* _PROBLEM REQUIREMENTS_
Wherever a line in the records contains the word "unfolding", return that line.

--- INFORMATION PROVIDED ---

theorem mainTheorem10:
  fixes n :: enat and h r :: nat
  assumes "n \<ge> 1" and "h \<ge> 1" and "r \<ge> 1" and "enat (h + r) \<le> n"
  shows "wedge (sigmas n [0..<h] (Xvac n h)) (sigmas n [h..<h + r] (Xvac n r))
       = wedge (wedge_list [ssub (var i) (var (h + j)). i \<leftarrow> [0..<h], j \<leftarrow> [0..<r]])
               (sigmas n [0..<h + r] (Xvac n (h + r)))"
proof -
  let ?z = "[0..<h]" and ?t = "[h..<h + r]"
  define u where "u = (\<lambda>k. sigmas n (?z @ ?t) (gen n k))"
  have "u = (\<lambda>k. sigmas n (?t @ ?z) (gen n k))"
    unfolding u_def sigmas_append by (rule ext) (rule sigmas_commute)
  then have "shift_diffs (map var ?z) u = (\<lambda>k. sigmas n ?t (gen n k))"
    by (simp only: shift_diffs_sigmas_append)
  moreover have "shift_diffs (map var ?t) u = (\<lambda>k. sigmas n ?z (gen n k))"
    unfolding u_def by (rule shift_diffs_sigmas_append)
  moreover have "\<forall>k. is_vector (u k)" by (simp add: u_def is_vector_sigmas_gen)
  ultimately have "wedge (sigmas n ?z (Xvac n h)) (sigmas n ?t (Xvac n r))
      = wedge (wedge_list (concat (map (\<lambda>z. map (ssub z) (map var ?t)) (map var ?z))))
              (wedge_list (map u (rev [0..<h + r])))"
    using wedge_shift_diffs[of u "map var ?z" "map var ?t"]
    by (simp add: sigmas_Xvac wedge_list_append is_scalar_var)
  moreover have "map var ?t = map (\<lambda>j. var (h + j)) [0..<r]" by (induction r) simp_all
  ultimately show ?thesis
    by (simp add: u_def sigmas_Xvac map_concat comp_def upt_add_eq_append[of 0 h])
qed

end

---

* _YOUR RESPONSE_
    unfolding u_def sigmas_append by (rule ext) (rule sigmas_commute)
    unfolding u_def by (rule shift_diffs_sigmas_append)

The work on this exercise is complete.